Senate debates

Monday, 1 September 2025

Adjournment

Stewart, Mr Anthony John

8:24 pm

Photo of Steph Hodgins-MaySteph Hodgins-May (Victoria, Australian Greens) Share this | Hansard source

I recently met His Excellency Jose Ramos-Horta, the President of East Timor. We talked of Tony Stewart, the youngest of the Balibo Five, and his murder in the small crossroads town of Balibo, East Timor, on 16 October 1975. He was 21 years old. The events happened before I was born, but my parents shared the story with me, knowing it through their friendship with Anne E Stewart, younger sister of Tony and a well-known storyteller. Today Anne is in the chamber as we head to the 50th anniversary of the murder of her brother and his colleagues. No-one has been brought to justice or said sorry to the family in all this time.

To honour her brother, Tony, and to tell her family's story, she has published a collection of poems and prose, Crossroads: My Stories of Balibo. Almost every aspect of the events surrounding the murders, from the appalling duplicity of the Australian government's response to the devastating lifelong consequences for that family, is detailed. It is moving and deeply disturbing. Anne E, a dear friend and the Shannie—our nickname for grandmother—to my children, has written a moving account of small moments in time that tell the story and honour her brother. Quoting her parents, Anne shared:

The only contact we had with the Department of Foreign Affairs was when some fellow rang up and said…that he hoped we realised that we would have to pay for the body to be brought back to Australia.
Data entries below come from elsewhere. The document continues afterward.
lemma r_max_equation_unique:
  fixes x y :: real
  assumes "x > 0" "x ^ 3 = (2 * x + 1)\<^sup>2" "y > 0" "y ^ 3 = (2 * y + 1)\<^sup>2"
  shows "x = y"
proof -
  have fixpoint: "u = 4 + 4 / u + 1 / u\<^sup>2" if "u > 0" "u ^ 3 = (2 * u + 1)\<^sup>2" for u :: real
  proof -
    have "u = u ^ 3 / u\<^sup>2" using \<open>u > 0\<close> by (simp add: power2_eq_square power3_eq_cube)
    also have "\<dots> = 4 + 4 / u + 1 / u\<^sup>2"
      using that by (simp add: field_simps power2_eq_square)
    finally show ?thesis .
  qed
  \<comment> \<open>the left side of the fixpoint equation increases, the right side decreases\<close>
  have False if "0 < u" "u < v" "u ^ 3 = (2 * u + 1)\<^sup>2" "v ^ 3 = (2 * v + 1)\<^sup>2" for u v :: real
  proof -
    have "4 / v < 4 / u" "1 / v\<^sup>2 < 1 / u\<^sup>2"
      using that by (auto simp: frac_less2 power_strict_mono)
    then show False using that fixpoint[of u] fixpoint[of v] by linarith
  qed
  then show ?thesis using assms by (metis linorder_neqE_linordered_idom)
qed

lemma r_max_pos: "r_max > 0"
  and r_max_equation: "r_max ^ 3 = (2 * r_max + 1)\<^sup>2"
proof -
  obtain x :: real where x: "x > 0" "x ^ 3 = (2 * x + 1)\<^sup>2"
    using r_max_equation_solvable by blast
  have "r_max = x"
    unfolding r_max_def using x r_max_equation_unique by blast
  then show "r_max > 0" "r_max ^ 3 = (2 * r_max + 1)\<^sup>2" using x by auto
qed

lemma sqrt_r_max_equation: "sqrt r_max ^ 3 = 2 * sqrt r_max ^ 2 + 1"
proof -
  have sq: "sqrt r_max ^ 2 = r_max" using r_max_pos by simp
  have "(sqrt r_max ^ 3)\<^sup>2 = (sqrt r_max ^ 2) ^ 3" by (simp flip: power_mult)
  also have "\<dots> = (2 * sqrt r_max ^ 2 + 1)\<^sup>2" using r_max_equation by (simp only: sq)
  finally have "(sqrt r_max ^ 3)\<^sup>2 = (2 * sqrt r_max ^ 2 + 1)\<^sup>2" .
  then show ?thesis by (rule power_eq_imp_eq_base) (use r_max_pos in auto)
qed

lemma cubic_root_ge_2:
  fixes R :: real
  assumes "R > 0" "R ^ 3 = 2 * R\<^sup>2 + 1"
  shows "R \<ge> 2"
proof (rule ccontr)
  assume "\<not> R \<ge> 2"
  then have "R * R\<^sup>2 < 2 * R\<^sup>2" using assms(1) by (intro mult_strict_right_mono) auto
  then show False using assms(2) by (simp add: power3_eq_cube power2_eq_square)
qed

lemma c_r_eq: "c_r = sqrt r_max ^ 5"
proof -
  have "c_r = (r_max powr (1/2)) powr 5" by (simp add: c_r_def powr_powr)
  also have "\<dots> = sqrt r_max ^ 5" using r_max_pos by (simp add: powr_half_sqrt powr_realpow)
  finally show ?thesis .
qed

lemma r_max_le_c_r: "r_max \<le> c_r"
proof -
  have "sqrt r_max \<ge> 2"
    using r_max_pos sqrt_r_max_equation by (intro cubic_root_ge_2) auto
  then have "sqrt r_max ^ 2 \<le> sqrt r_max ^ 5" by (intro power_increasing) linarith+
  moreover have "sqrt r_max ^ 2 = r_max" using r_max_pos by simp
  ultimately show ?thesis by (simp add: c_r_eq)
qed

lemma cube_div_le_gap:
  fixes s R :: real
  assumes "0 \<le> s" "s \<le> R" "R > 0" "R ^ 3 = 2 * R\<^sup>2 + 1"
  shows "s ^ 3 / (1 + 2 * s\<^sup>2) \<le> 1 - (R\<^sup>2 - s\<^sup>2) / R ^ 5"
proof -
  have R2: "R \<ge> 2" using assms(3,4) by (rule cubic_root_ge_2)
  have factor: "1 + 2 * s\<^sup>2 - s ^ 3 = (R - s) * (s\<^sup>2 + (R - 2) * s + R * (R - 2))"
    using assms(4) by (simp add: algebra_simps power2_eq_square power3_eq_cube)
  have "R ^ 5 * (R - 2) = R ^ 3 * (R ^ 3 - 2 * R\<^sup>2)"
    and "R ^ 5 * (R * (R - 2)) = R ^ 4 * (R ^ 3 - 2 * R\<^sup>2)"
    by algebra+
  then have R5: "R ^ 5 * (R - 2) = R ^ 3" "R ^ 5 * (R * (R - 2)) = R ^ 4"
    using assms(4) by simp_all
  have "R ^ 4 \<ge> 2 ^ 4" using R2 by (intro power_mono) auto
  then have "4 * R * s\<^sup>2 \<le> R ^ 5 * s\<^sup>2"
    using R2 by (simp add: power_numeral_reduce mult_right_mono)
  moreover have "2 * s ^ 3 \<le> 2 * R * s\<^sup>2"
    using assms(1,2) by (simp add: power_numeral_reduce mult_right_mono mult_left_mono)
  moreover have "R \<le> R ^ 4" using R2 by (intro self_le_power) auto
  moreover have "s \<le> R ^ 3 * s"
    using mult_right_mono[of 1 "R ^ 3" s] one_le_power[of R 3] R2 assms(1) by simp
  ultimately have "(R + s) * (1 + 2 * s\<^sup>2)
      \<le> R ^ 5 * s\<^sup>2 + R ^ 5 * (R - 2) * s + R ^ 5 * (R * (R - 2))"
    unfolding R5 by (simp add: algebra_simps power_numeral_reduce)
  also have "\<dots> = R ^ 5 * (s\<^sup>2 + (R - 2) * s + R * (R - 2))" by (simp add: algebra_simps)
  finally have "(R - s) * ((R + s) * (1 + 2 * s\<^sup>2))
      \<le> (R - s) * (R ^ 5 * (s\<^sup>2 + (R - 2) * s + R * (R - 2)))"
    using assms(2) by (intro mult_left_mono) auto
  then have "(R\<^sup>2 - s\<^sup>2) * (1 + 2 * s\<^sup>2) \<le> R ^ 5 * (1 + 2 * s\<^sup>2 - s ^ 3)"
    unfolding factor by (simp add: algebra_simps power2_eq_square)
  moreover have "R ^ 5 > 0" "1 + 2 * s\<^sup>2 > 0" using assms(3) by (auto intro: add_pos_nonneg)
  ultimately show ?thesis by (simp add: field_simps)
qed

lemma ratio_growth_le:
  fixes r \<delta> :: real
  assumes "0 < r" "r \<le> r_max - \<delta>" "0 \<le> \<delta>"
  shows "r * sqrt r / (1 + 2 * r) \<le> 1 - \<delta> / c_r"
proof -
  define R where "R = sqrt r_max"
  define s where "s = sqrt r"
  have s2: "s\<^sup>2 = r" and R2: "R\<^sup>2 = r_max" using assms r_max_pos by (simp_all add: s_def R_def)
  have "s \<le> R" unfolding s_def R_def using assms by (intro real_sqrt_le_mono) auto
  then have "s ^ 3 / (1 + 2 * s\<^sup>2) \<le> 1 - (R\<^sup>2 - s\<^sup>2) / R ^ 5"
    using assms r_max_pos sqrt_r_max_equation
    by (intro cube_div_le_gap) (auto simp: R_def s_def)
  moreover have "r * sqrt r = s ^ 3" using s2 by (simp add: s_def power3_eq_cube power2_eq_square)
  moreover have "\<delta> / c_r \<le> (R\<^sup>2 - s\<^sup>2) / R ^ 5"
    unfolding c_r_eq R_def[symmetric] R2 s2 using assms r_max_pos
    by (intro divide_right_mono) (auto simp: R_def)
  ultimately show ?thesis using s2 by simp
qed

lemma tau_bdf2_first: "tau t 1 \<noteq> 0 \<Longrightarrow> tau t 1 * bdf2 t 1 0 = 1"
  by (simp add: bdf2_def)

lemma tau_bdf2_diag:
  "2 \<le> k \<Longrightarrow> tau t k \<noteq> 0 \<Longrightarrow>
    tau t k * bdf2 t k 0 = (1 + 2 * ratio t k) / (1 + ratio t k)"
  by (simp add: bdf2_def)

lemma tau_bdf2_subdiag:
  assumes "1 \<le> k" "tau t k \<noteq> 0"
  shows "tau t k * bdf2 t (Suc k) 1 = - ratio t (Suc k) / (1 + ratio t (Suc k))"
proof -
  have "tau t (Suc k) = ratio t (Suc k) * tau t k" using assms(2) by (simp add: ratio_def)
  then show ?thesis using assms by (simp add: bdf2_def power2_eq_square)
qed

lemma dcc_diag:
  assumes "is_dcc t N p" "1 \<le> n" "n \<le> N"
  shows "p n 0 * bdf2 t n 0 = 1"
  using assms unfolding is_dcc_def by force

lemma dcc_two_term:
  assumes "is_dcc t N p" "n \<le> N" "1 \<le> k" "k < n"
  shows "p n (n - k) * bdf2 t k 0 + p n (n - Suc k) * bdf2 t (Suc k) 1 = 1"
proof -
  have "(\<Sum>j = k..n. p n (n - j) * bdf2 t j (j - k)) = 1"
    using assms unfolding is_dcc_def by auto
  moreover have "(\<Sum>j = Suc (Suc k)..n. p n (n - j) * bdf2 t j (j - k)) = 0"
    by (rule sum.neutral) (auto simp: bdf2_def)
  ultimately show ?thesis using assms by (simp add: sum.atLeast_Suc_atMost)
qed

lemma dcc_recursion:
  assumes "is_dcc t N p" "n \<le> N" "1 \<le> k" "k < n" "tau t k \<noteq> 0"
  shows "tau t k * bdf2 t k 0 * p n (n - k)
    = tau t k + ratio t (Suc k) / (1 + ratio t (Suc k)) * p n (n - Suc k)"
proof -
  have "tau t k * (p n (n - k) * bdf2 t k 0 + p n (n - Suc k) * bdf2 t (Suc k) 1) = tau t k"
    using dcc_two_term[OF assms(1-4)] by simp
  then have "tau t k * bdf2 t k 0 * p n (n - k)
      = tau t k - (tau t k * bdf2 t (Suc k) 1) * p n (n - Suc k)"
    by (simp add: algebra_simps)
  then show ?thesis unfolding tau_bdf2_subdiag[OF assms(3,5)] by simp
qed
text \<open>One Sinkhorn step \<rho> \<mapsto> reciprocal_sums (out_nbrs F) (reciprocal_sums (in_nbrs F) \<rho>) does not
  increase the potential, and leaves it unchanged only at a fixed point.\<close>
lemma scaling_potential_fixed_point:
  assumes fin: "finite W" and FW: "F \<subseteq> W \<times> W" and pos: "\<forall>v\<in>W. 0 < \<rho> v"
    and nbrs: "\<forall>v\<in>W. in_nbrs F v \<noteq> {} \<and> out_nbrs F v \<noteq> {}"
    and le: "scaling_potential W F \<rho>
      \<le> scaling_potential W F (reciprocal_sums (out_nbrs F) (reciprocal_sums (in_nbrs F) \<rho>))"
  shows "\<forall>v\<in>W. \<rho> v * (\<Sum>w\<in>out_nbrs F v. reciprocal_sums (in_nbrs F) \<rho> w) = 1"
proof -
  define \<sigma> where "\<sigma> = reciprocal_sums (in_nbrs F) \<rho>"
  define \<rho>' where "\<rho>' = reciprocal_sums (out_nbrs F) \<sigma>"
  let ?S = "\<lambda>f w. \<Sum>v\<in>in_nbrs F w. f v" and ?T = "\<lambda>v. \<Sum>w\<in>out_nbrs F v. \<sigma> w"
  note fin_nbrs = finite_in_nbrs[OF fin FW] finite_out_nbrs[OF fin FW]
  have S\<rho>: "\<forall>w\<in>W. 0 < ?S \<rho> w"
    using pos nbrs fin_nbrs subsetD[OF in_nbrs_subset[OF FW]] by (auto intro!: sum_pos)
  have \<sigma>: "\<forall>w\<in>W. 0 < \<sigma> w"
    using S\<rho> by (simp add: \<sigma>_def reciprocal_sums_def)
  have T: "\<forall>v\<in>W. 0 < ?T v"
    using \<sigma> nbrs fin_nbrs subsetD[OF out_nbrs_subset[OF FW]] by (auto intro!: sum_pos)
  have \<rho>': "\<forall>v\<in>W. 0 < \<rho>' v"
    using T by (simp add: \<rho>'_def reciprocal_sums_def)
  have S\<rho>': "\<forall>w\<in>W. 0 < ?S \<rho>' w"
    using \<rho>' nbrs fin_nbrs subsetD[OF in_nbrs_subset[OF FW]] by (auto intro!: sum_pos)
  have col: "\<forall>w\<in>W. \<sigma> w * ?S \<rho> w = 1"
    using S\<rho> by (auto simp: \<sigma>_def reciprocal_sums_def)
  have row': "\<forall>v\<in>W. \<rho>' v * ?T v = 1"
    using T by (auto simp: \<rho>'_def reciprocal_sums_def)
  have mass: "(\<Sum>v\<in>W. \<rho> v * ?T v) = real (card W)"
    using sum_in_nbrs_swap[OF fin FW, of \<sigma> \<rho>] col by simp
  have mass': "(\<Sum>w\<in>W. \<sigma> w * ?S \<rho>' w) = real (card W)"
    using sum_in_nbrs_swap[OF fin FW, of \<sigma> \<rho>'] row' by (simp add: mult.commute)
  have "scaling_potential W F \<rho>' - scaling_potential W F \<rho>
      = (\<Sum>w\<in>W. ln (\<sigma> w * ?S \<rho>' w)) + (\<Sum>v\<in>W. ln (\<rho> v * ?T v))"
  proof -
    have "ln (\<sigma> w * ?S \<rho>' w) = ln (?S \<rho>' w) - ln (?S \<rho> w)" if "w \<in> W" for w
      using that S\<rho> S\<rho>' by (auto simp: \<sigma>_def reciprocal_sums_def ln_div ln_mult)
    moreover have "ln (\<rho> v * ?T v) = ln (\<rho> v) - ln (\<rho>' v)" if "v \<in> W" for v
      using that pos T by (auto simp: \<rho>'_def reciprocal_sums_def ln_div ln_mult)
    ultimately show ?thesis
      by (simp add: scaling_potential_def sum_subtractf)
  qed
  moreover have "(\<Sum>w\<in>W. ln (\<sigma> w * ?S \<rho>' w)) \<le> (\<Sum>w\<in>W. \<sigma> w * ?S \<rho>' w - 1)"
    using \<sigma> S\<rho>' by (intro sum_mono ln_le_minus_one) auto
  ultimately have "0 \<le> (\<Sum>v\<in>W. ln (\<rho> v * ?T v))"
    using le mass' by (simp add: \<rho>'_def \<sigma>_def sum_subtractf)
  then show ?thesis
    using sum_ln_nonneg_imp_eq_one[OF fin _ mass] pos T by (simp add: \<sigma>_def)
qed

lemma perfect_frac_matching_product_weight:
  assumes FW: "F \<subseteq> W \<times> W" and pos: "\<forall>v\<in>W. 0 < \<rho> v \<and> 0 < \<sigma> v"
    and rows: "\<forall>v\<in>W. \<rho> v * (\<Sum>w\<in>out_nbrs F v. \<sigma> w) = 1"
    and cols: "\<forall>w\<in>W. \<sigma> w * (\<Sum>v\<in>in_nbrs F w. \<rho> v) = 1"
  shows "perfect_frac_matching W F (product_weight F \<rho> \<sigma>)"
proof -
  have "(\<Sum>w\<in>out_nbrs F v. product_weight F \<rho> \<sigma> (v, w)) = \<rho> v * (\<Sum>w\<in>out_nbrs F v. \<sigma> w)" for v
    by (simp add: product_weight_def out_nbrs_def sum_distrib_left)
  moreover have "(\<Sum>v\<in>in_nbrs F w. product_weight F \<rho> \<sigma> (v, w)) = \<sigma> w * (\<Sum>v\<in>in_nbrs F w. \<rho> v)" for w
    by (simp add: product_weight_def in_nbrs_def sum_distrib_left mult.commute)
  moreover have "0 \<le> product_weight F \<rho> \<sigma> e" if "e \<in> F" for e
    using that FW pos by (auto simp: product_weight_def less_imp_le)
  ultimately show ?thesis
    using rows cols by (simp add: perfect_frac_matching_def product_weight_def)
qed

lemma n_eps_digraph_le_half:
  assumes G: "n_eps_digraph m e W F" and "W \<noteq> {}"
  shows "e \<le> 1/2"
proof -
  obtain v where v: "v \<in> W" using assms(2) by blast
  have fin: "finite W" and FW: "F \<subseteq> W \<times> W" and m: "card W = m"
    using G by (auto simp: n_eps_digraph_def digraph_def)
  have "(1/2 + e) * real m \<le> card (out_nbrs F v)"
    using G v by (simp add: n_eps_digraph_def)
  also have "\<dots> \<le> real m"
    using card_mono[OF fin out_nbrs_subset[OF FW]] m by simp
  finally have "(1/2 + e) * real m \<le> 1 * real m" by simp
  moreover have "0 < real m"
    using v fin m by (auto simp: card_gt_0_iff)
  ultimately show ?thesis
    by (simp add: mult_le_cancel_right_pos)
qed

lemma n_eps_digraph_reciprocal_sums:
  assumes G: "n_eps_digraph m e W F" and e: "0 < e" and N: "N = in_nbrs F \<or> N = out_nbrs F"
    and pos: "\<forall>v\<in>W. 0 < f v" and rat: "ratio_bounded ((1/2 + e) / (2 * e)) W f"
  shows "\<forall>w\<in>W. 0 < reciprocal_sums N f w"
    and "ratio_bounded ((1/2 + e) / (2 * e)) W (reciprocal_sums N f)"
proof -
  have fin: "finite W" and FW: "F \<subseteq> W \<times> W"
    and deg: "\<forall>v\<in>W. (1/2 + e) * card W \<le> card (out_nbrs F v) \<and> (1/2 + e) * card W \<le> card (in_nbrs F v)"
    using G by (auto simp: n_eps_digraph_def digraph_def)
  have "0 < real (card W)" if "w \<in> W" for w
    using that fin by (auto simp: card_gt_0_iff)
  then have "0 < (1/2 + e) * card W" if "w \<in> W" for w
    using that e by simp
  then have nbhd: "\<forall>w\<in>W. N w \<subseteq> W \<and> N w \<noteq> {} \<and> (1/2 + e) * card W \<le> card (N w)"
    using N deg subsetD[OF in_nbrs_subset[OF FW]] subsetD[OF out_nbrs_subset[OF FW]] by fastforce
  then show "\<forall>w\<in>W. 0 < reciprocal_sums N f w"
    using pos by (intro reciprocal_sums_pos[OF fin]) auto
  show "ratio_bounded ((1/2 + e) / (2 * e)) W (reciprocal_sums N f)"
    using nbhd pos rat e by (intro ratio_bounded_reciprocal_sums[OF fin]) auto
qed

lemma n_eps_digraph_product_matching:
  assumes G: "n_eps_digraph m e W F" and e: "0 < e" and W: "W \<noteq> {}"
  shows "\<exists>\<rho> \<sigma>. (\<forall>v\<in>W. 0 < \<rho> v \<and> 0 < \<sigma> v) \<and> ratio_bounded ((1/2 + e) / (2 * e)) W \<sigma>
    \<and> perfect_frac_matching W F (product_weight F \<rho> \<sigma>)"
proof -
  define R where "R = (1/2 + e) / (2 * e)"
  have fin: "finite W" and FW: "F \<subseteq> W \<times> W" and m: "card W = m"
    and deg: "\<forall>v\<in>W. (1/2 + e) * m \<le> card (out_nbrs F v) \<and> (1/2 + e) * m \<le> card (in_nbrs F v)"
    using G by (auto simp: n_eps_digraph_def digraph_def)
  have "0 < real m"
    using W fin m by (auto simp: card_gt_0_iff)
  then have "0 < (1/2 + e) * real m"
    using e by simp
  then have nbrs: "\<forall>v\<in>W. in_nbrs F v \<noteq> {} \<and> out_nbrs F v \<noteq> {}"
    using deg by fastforce
  have R1: "1 \<le> R"
    using n_eps_digraph_le_half[OF G W] e by (simp add: R_def field_simps)
  obtain \<rho> where \<rho>: "\<rho> \<in> balanced_simplex R W"
    and min: "\<forall>y\<in>balanced_simplex R W. scaling_potential W F \<rho> \<le> scaling_potential W F y"
    using scaling_potential_attains_min[OF fin W FW _ R1] nbrs by blast
  define \<sigma> where "\<sigma> = reciprocal_sums (in_nbrs F) \<rho>"
  define \<rho>' where "\<rho>' = reciprocal_sums (out_nbrs F) \<sigma>"
  have \<rho>_pos: "\<forall>v\<in>W. 0 < \<rho> v"
    using balanced_simplex_pos[OF \<rho>] by blast
  have \<sigma>_pos: "\<forall>w\<in>W. 0 < \<sigma> w" and \<sigma>_ratio: "ratio_bounded R W \<sigma>"
    using n_eps_digraph_reciprocal_sums[OF G e, of "in_nbrs F" \<rho>] \<rho>_pos \<rho>
    by (auto simp: \<sigma>_def R_def balanced_simplex_def)
  then have \<rho>'_pos: "\<forall>v\<in>W. 0 < \<rho>' v" and "ratio_bounded R W \<rho>'"
    using n_eps_digraph_reciprocal_sums[OF G e, of "out_nbrs F" \<sigma>] by (auto simp: \<rho>'_def R_def)
  then have "(\<lambda>v. if v \<in> W then \<rho>' v / sum \<rho>' W else 0) \<in> balanced_simplex R W"
    using \<rho>'_pos by (intro normalised_in_balanced_simplex[OF fin W])
  moreover have "0 < sum \<rho>' W"
    using \<rho>'_pos fin W by (intro sum_pos) auto
  ultimately have "scaling_potential W F \<rho> \<le> scaling_potential W F \<rho>'"
    using min nbrs \<rho>'_pos scaling_potential_normalise[OF fin FW, of \<rho>' "sum \<rho>' W"] by auto
  then have rows: "\<forall>v\<in>W. \<rho> v * (\<Sum>w\<in>out_nbrs F v. \<sigma> w) = 1"
    using scaling_potential_fixed_point[OF fin FW \<rho>_pos nbrs] by (simp add: \<rho>'_def \<sigma>_def)
  have "\<forall>w\<in>W. \<sigma> w * (\<Sum>v\<in>in_nbrs F w. \<rho> v) = 1"
    using \<sigma>_pos by (auto simp: \<sigma>_def reciprocal_sums_def)
  then have "perfect_frac_matching W F (product_weight F \<rho> \<sigma>)"
    using perfect_frac_matching_product_weight[OF FW _ rows] \<rho>_pos \<sigma>_pos by blast
  then show ?thesis
    using \<rho>_pos \<sigma>_pos \<sigma>_ratio unfolding R_def by blast
qed

lemma product_matching_pair_bounds:
  assumes G: "n_eps_digraph m e W F" and e: "0 < e" and pos: "\<forall>v\<in>W. 0 < \<rho> v \<and> 0 < \<sigma> v"
    and rat: "ratio_bounded ((1/2 + e) / (2 * e)) W \<sigma>"
    and z: "perfect_frac_matching W F (product_weight F \<rho> \<sigma>)"
    and v: "v \<in> W" and w: "w \<in> W"
  shows "2 * e / m \<le> \<rho> v * \<sigma> w \<and> \<rho> v * \<sigma> w \<le> 1 / (2 * e * m)"
proof -
  define R where "R = (1/2 + e) / (2 * e)"
  define N where "N = out_nbrs F v"
  have fin: "finite W" and FW: "F \<subseteq> W \<times> W" and m: "card W = m"
    and deg: "(1/2 + e) * m \<le> card N"
    using G v by (auto simp: n_eps_digraph_def digraph_def N_def)
  have NW: "N \<subseteq> W" using out_nbrs_subset[OF FW] by (simp add: N_def)
  have row: "(\<Sum>w'\<in>N. \<rho> v * \<sigma> w') = 1"
    using z v by (simp add: perfect_frac_matching_def product_weight_def N_def out_nbrs_def)
  have "ratio_bounded R W (\<lambda>w. \<rho> v * \<sigma> w)"
    using pos v rat by (intro ratio_bounded_mult_left) (auto simp: R_def)
  then have upper: "card N * (\<rho> v * \<sigma> w) \<le> R" and lower: "1 \<le> card N * (R * (\<rho> v * \<sigma> w))"
    using ratio_bounded_sum_eq_one[OF NW _ w row] by simp_all
  have p: "0 < \<rho> v * \<sigma> w" using pos v w by simp
  have m0: "0 < real m" using v fin m by (auto simp: card_gt_0_iff)
  have "e \<le> 1/2" using n_eps_digraph_le_half[OF G] v by blast
  have R0: "0 < R" using e by (simp add: R_def)
  have "card N \<le> m" using card_mono[OF fin NW] m by simp
  then have mRp: "1 \<le> m * (R * (\<rho> v * \<sigma> w))"
    using lower p R0 by (smt (verit) mult_right_mono of_nat_mono mult_pos_pos)
  have "2 * e / m \<le> 2 * e / m * (m * (R * (\<rho> v * \<sigma> w)))"
    using mult_left_mono[OF mRp, of "2 * e / m"] e m0 by simp
  also have "\<dots> = (1/2 + e) * (\<rho> v * \<sigma> w)"
    using e m0 by (simp add: R_def field_simps)
  also have "\<dots> \<le> \<rho> v * \<sigma> w"
    using mult_right_mono[of "1/2 + e" 1 "\<rho> v * \<sigma> w"] \<open>e \<le> 1/2\<close> p by simp
  finally have "2 * e / m \<le> \<rho> v * \<sigma> w" .
  moreover have "(1/2 + e) * m * (\<rho> v * \<sigma> w) \<le> R"
    using upper deg p by (meson mult_right_mono less_imp_le order_trans)
  then have "(1/2 + e) * (m * (\<rho> v * \<sigma> w)) \<le> (1/2 + e) * (1 / (2 * e))"
    by (simp add: R_def mult.assoc)
  then have "m * (\<rho> v * \<sigma> w) \<le> 1 / (2 * e)"
    by (rule mult_left_le_imp_le) (use e in simp)
  then have "\<rho> v * \<sigma> w \<le> 1 / (2 * e * m)"
    using e m0 by (simp add: field_simps)
  ultimately show ?thesis ..
qed

section \<open>Deleting a small vertex set\<close>

lemma del_vertices_E_subset: "del_vertices_E V E A \<subseteq> (V - A) \<times> (V - A)"
  by (auto simp: del_vertices_E_def)

lemma card_nbrs_le_del_vertices:
  assumes "finite V" and "E \<subseteq> V \<times> V" and "A \<subseteq> V" and "v \<in> V - A"
  shows "card (out_nbrs E v) \<le> card (out_nbrs (del_vertices_E V E A) v) + card A"
    and "card (in_nbrs E v) \<le> card (in_nbrs (del_vertices_E V E A) v) + card A"
proof -
  have fin: "finite (out_nbrs (del_vertices_E V E A) v \<union> A)" "finite (in_nbrs (del_vertices_E V E A) v \<union> A)"
    using assms finite_subset[OF assms(3,1)]
    by (auto intro: finite_subset[OF out_nbrs_subset] finite_subset[OF in_nbrs_subset]
        simp: del_vertices_E_def)
  have "out_nbrs E v \<subseteq> out_nbrs (del_vertices_E V E A) v \<union> A"
    "in_nbrs E v \<subseteq> in_nbrs (del_vertices_E V E A) v \<union> A"
    using assms by (auto simp: out_nbrs_def in_nbrs_def del_vertices_E_def)
  then show "card (out_nbrs E v) \<le> card (out_nbrs (del_vertices_E V E A) v) + card A"
    and "card (in_nbrs E v) \<le> card (in_nbrs (del_vertices_E V E A) v) + card A"
    using fin by (meson card_Un_le card_mono order_trans)+
qed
That just about finished us off.

… tacit approval had been given by the Australian Government to the invasion

In one of Anne's poems, titled 'Gough', she writes:

Pompous pissant Gough

Gave the green light to Suharto's invasion

…we'll do absolutely nothing.

This was quoted in the Sydney Morning Herald three days before the invasion. And here, in the hallowed halls of parliament, with axis to the national War Memorial, I quote from the poem entitled 'Family Lore':

We weren't told about his funeral until it was over

Anthony John Stewart

Loved son of Noel and June

R.I.P.

Inscribed on the headstone

in a Jakarta cemetery

Fake funeral held December 5th 1975

Woolcott and Whitlam's duplicity

Is part of our lore

Buried

The charred remains of five men

Collected from their hasty pyre in Balibo

Was it the Square? The Crossroads?

Or near the Chinese house

Where they died

Days later the fire

Like shards of pottery from an archaeological dig

their bones,

remnants raked and shovelled together

only enough for one coffin.

Years later some of the families wanted to exhume

Those fragments of five lives

Mum said "It's probably only chicken bones"

She'd always wondered

Reading the words of a World War 1 artist

Who'd written

The saddest thing on the battlefield

Was to hear grown men

In their last moments

Crying out for their mothers

Was there a faint call in that crossroads town under the banyan tree

"Mum"

We have let this family down. It wasn't until 2007, as written in the poem 'Whispering Down the Line, the Truth':

Pinch, Deputy Coroner, said 'deliberate'

They weren't caught in crossfire, as the Indonesians had proclaimed and the Australian government had accepted. From the same poem:

In 2014

An invitation to a briefing with the Australian Federal Police

who announced

"They were abandoning the enquiry,

After 1868 days of gathering evidence

…they had the names of

Those responsible for the slaughter

But hadn't interviewed one person in Indonesia

We were white with rage

I speak of this today to remind you of the importance of storytelling. Anne recorded many of my late father's, Rod May's, stories, and if she hadn't this knowledge would have been lost. But Anne assures me that amongst all of the clouds, there have been rainbows—the East Timor friendship network having just celebrated 25 years; Old rockers the Dili Allstars having received the Order of Timor-Leste; the work of the Balibo House Trust; the boite world music community, who commemorated 50 years of Timorese refugees in Australia; and the Alma nuns, who I have met and who have so much to teach us about gratitude and compassion.

I'm thankful for Anne's moving testimony, which has uncovered the true story from inside a family who lost a beloved son and brother. With 50 to 60 wars happening across the world today, I think of the collective grief that so many have endured and will endure.